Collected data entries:
***

(* Let $(\mathcal Q,d)$ be a Hadamard space, $Y$ a $\mathcal Q$-valued random variable, $o\in\mathcal Q$, and $\tau\in\mathcal S_0^+$ with $\mathbb E[\tau'(d(Y,o))]<\infty$. Then: (i) the variance functional $v:\mathcal Q\to\mathbb R$, $v(q):=\mathbb E[\tau(d(Y,q))-\tau(d(Y,o))]$, is (well-defined and) convex; (ii) the set $M:=\arg\min_{q\in\mathcal Q}v(q)$ of $\tau$-Fréchet means is nonempty, closed, bounded and convex, and does not depend on the choice of $o$; (iii) if $\mathcal Y\subset\mathcal Q$ is closed and convex with $\mathbb P(Y\in\mathcal Y)=1$, then $M\subset\mathcal Y$.
   Context: A Hadamard space is a complete metric space $(\mathcal Q,d)$ such that for all $y_0,y_1$ there is $m$ with $\frac12 d(y_0,q)^2+\frac12 d(y_1,q)^2-\frac14 d(y_0,y_1)^2\ge d(q,m)^2$ for all $q$; in it any $q\ne p$ are joined by a unique unit-speed geodesic $\gamma_{q\to p}:[0,d(q,p)]\to\mathcal Q$. A set $A\subset\mathcal Q$ is convex if $\gamma_{q\to p}$ has image in $A$ for all $q\ne p$ in $A$; a function $f:\mathcal Q\to\mathbb R$ is convex if $f\circ\gamma_{q\to p}$ is convex for all $q\ne p$. $\mathcal S_0^+$ is the set of nondecreasing convex $\tau:[0,\infty)\to\mathbb R$, differentiable on $(0,\infty)$ with concave derivative $\tau'$ (with $\tau'(0):=\lim_{x\searrow0}\tau'(x)$), such that $\tau(0)=0$ and $\tau'(x)>0$ for $x>0$. *)

theory Defs
  imports "HOL-Analysis.Analysis" "HOL-Probability.Probability"
begin

definition hadamard :: "'q::complete_space itself \<Rightarrow> bool" where
  "hadamard _ \<longleftrightarrow> (\<forall>y0 y1::'q. \<exists>m. \<forall>q.
     (1/2) * (dist y0 q)\<^sup>2 + (1/2) * (dist y1 q)\<^sup>2 - (1/4) * (dist y0 y1)\<^sup>2 \<ge> (dist q m)\<^sup>2)"

definition geodesic_between :: "'q::metric_space \<Rightarrow> 'q \<Rightarrow> (real \<Rightarrow> 'q) \<Rightarrow> bool" where
  "geodesic_between q p \<gamma> \<longleftrightarrow> \<gamma> 0 = q \<and> \<gamma> (dist q p) = p \<and>
     (\<forall>s\<in>{0..dist q p}. \<forall>t\<in>{0..dist q p}. dist (\<gamma> s) (\<gamma> t) = \<bar>s - t\<bar>)"

definition geod_convex_set :: "'q::metric_space set \<Rightarrow> bool" where
  "geod_convex_set A \<longleftrightarrow> (\<forall>q\<in>A. \<forall>p\<in>A. q \<noteq> p \<longrightarrow>
     (\<forall>\<gamma>. geodesic_between q p \<gamma> \<longrightarrow> \<gamma> ` {0..dist q p} \<subseteq> A))"

definition geod_convex_fun :: "('q::metric_space \<Rightarrow> real) \<Rightarrow> bool" where
  "geod_convex_fun f \<longleftrightarrow> (\<forall>q p. q \<noteq> p \<longrightarrow>
     (\<forall>\<gamma>. geodesic_between q p \<gamma> \<longrightarrow> convex_on {0..dist q p} (f \<circ> \<gamma>)))"

definition tau_deriv :: "(real \<Rightarrow> real) \<Rightarrow> real \<Rightarrow> real" where
  "tau_deriv \<tau> x = (if x = 0 then Lim (at_right 0) (deriv \<tau>) else deriv \<tau> x)"

definition S0plus :: "(real \<Rightarrow> real) set" where
  "S0plus = {\<tau>. mono_on {0..} \<tau> \<and> convex_on {0..} \<tau> \<and>
     (\<forall>x>0. \<tau> differentiable (at x)) \<and> concave_on {0<..} (deriv \<tau>) \<and>
     \<tau> 0 = 0 \<and> (\<forall>x>0. deriv \<tau> x > 0)}"

definition var_fun :: "'w measure \<Rightarrow> ('w \<Rightarrow> 'q::metric_space) \<Rightarrow> (real \<Rightarrow> real) \<Rightarrow> 'q \<Rightarrow> 'q \<Rightarrow> real" where
  "var_fun P Y \<tau> x0 q = (\<integral>\<omega>. \<tau> (dist (Y \<omega>) q) - \<tau> (dist (Y \<omega>) x0) \<partial>P)"

definition frechet_means :: "'w measure \<Rightarrow> ('w \<Rightarrow> 'q::metric_space) \<Rightarrow> (real \<Rightarrow> real) \<Rightarrow> 'q \<Rightarrow> 'q set" where
  "frechet_means P Y \<tau> x0 = {q. \<forall>q'. var_fun P Y \<tau> x0 q \<le> var_fun P Y \<tau> x0 q'}"

end

theory Submission
  imports Defs
begin

text \<open>Since \<open>\<tau>\<close> is nondecreasing and convex and \<open>dist y c \<le> (dist y a + dist y b)/2\<close> for the
  midpoint \<open>c\<close> of \<open>a\<close> and \<open>b\<close>, the variance functional \<open>v\<close> is midpoint convex; integrability of
  \<open>\<tau>'(d(Y,o))\<close> together with the doubling bound \<open>\<tau>'(2t) \<le> 3 \<tau>'(t)\<close> (from concavity of \<open>\<tau>'\<close>)
  makes \<open>v\<close> finite and locally Lipschitz, so \<open>v\<close> is convex along geodesics. As \<open>v\<close> grows at least
  linearly, its sublevel sets are bounded; they are closed under midpoints, and the midpoint
  inequality forces near-closest points of such nested sets to form a Cauchy sequence, which
  gives a minimiser by completeness. Finally, the projection onto a closed convex set \<open>C\<close> is strictly
  closer to every point of \<open>C\<close> than a point outside \<open>C\<close>, so a mean outside the support set \<open>C\<close>
  could be improved.\<close>

section \<open>Cost functions in \<open>S0plus\<close>\<close>

text \<open>\<open>tau_slope \<tau>\<close> is \<open>\<tau>'\<close> on \<open>(0, \<infinity>)\<close> and \<open>0\<close> elsewhere: monotone on all of \<open>\<real>\<close>, a Lipschitz
  bound for \<open>\<tau>\<close>, and dominated by \<open>tau_deriv \<tau>\<close> (whose value at \<open>0\<close> is a one-sided limit).\<close>
definition tau_slope :: "(real \<Rightarrow> real) \<Rightarrow> real \<Rightarrow> real" where
  "tau_slope \<tau> x = (if x \<le> 0 then 0 else deriv \<tau> x)"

***

**WHAT TO WORK ON**: Of all the lines in the data above, show only those that hold the word "definition".

**ANSWER TO THIS TASK**:
definition hadamard :: "'q::complete_space itself \<Rightarrow> bool" where
definition geodesic_between :: "'q::metric_space \<Rightarrow> 'q \<Rightarrow> (real \<Rightarrow> 'q) \<Rightarrow> bool" where
definition geod_convex_set :: "'q::metric_space set \<Rightarrow> bool" where
definition geod_convex_fun :: "('q::metric_space \<Rightarrow> real) \<Rightarrow> bool" where
definition tau_deriv :: "(real \<Rightarrow> real) \<Rightarrow> real \<Rightarrow> real" where
definition S0plus :: "(real \<Rightarrow> real) set" where
definition var_fun :: "'w measure \<Rightarrow> ('w \<Rightarrow> 'q::metric_space) \<Rightarrow> (real \<Rightarrow> real) \<Rightarrow> 'q \<Rightarrow> 'q \<Rightarrow> real" where
definition frechet_means :: "'w measure \<Rightarrow> ('w \<Rightarrow> 'q::metric_space) \<Rightarrow> (real \<Rightarrow> real) \<Rightarrow> 'q \<Rightarrow> 'q set" where
definition tau_slope :: "(real \<Rightarrow> real) \<Rightarrow> real \<Rightarrow> real" where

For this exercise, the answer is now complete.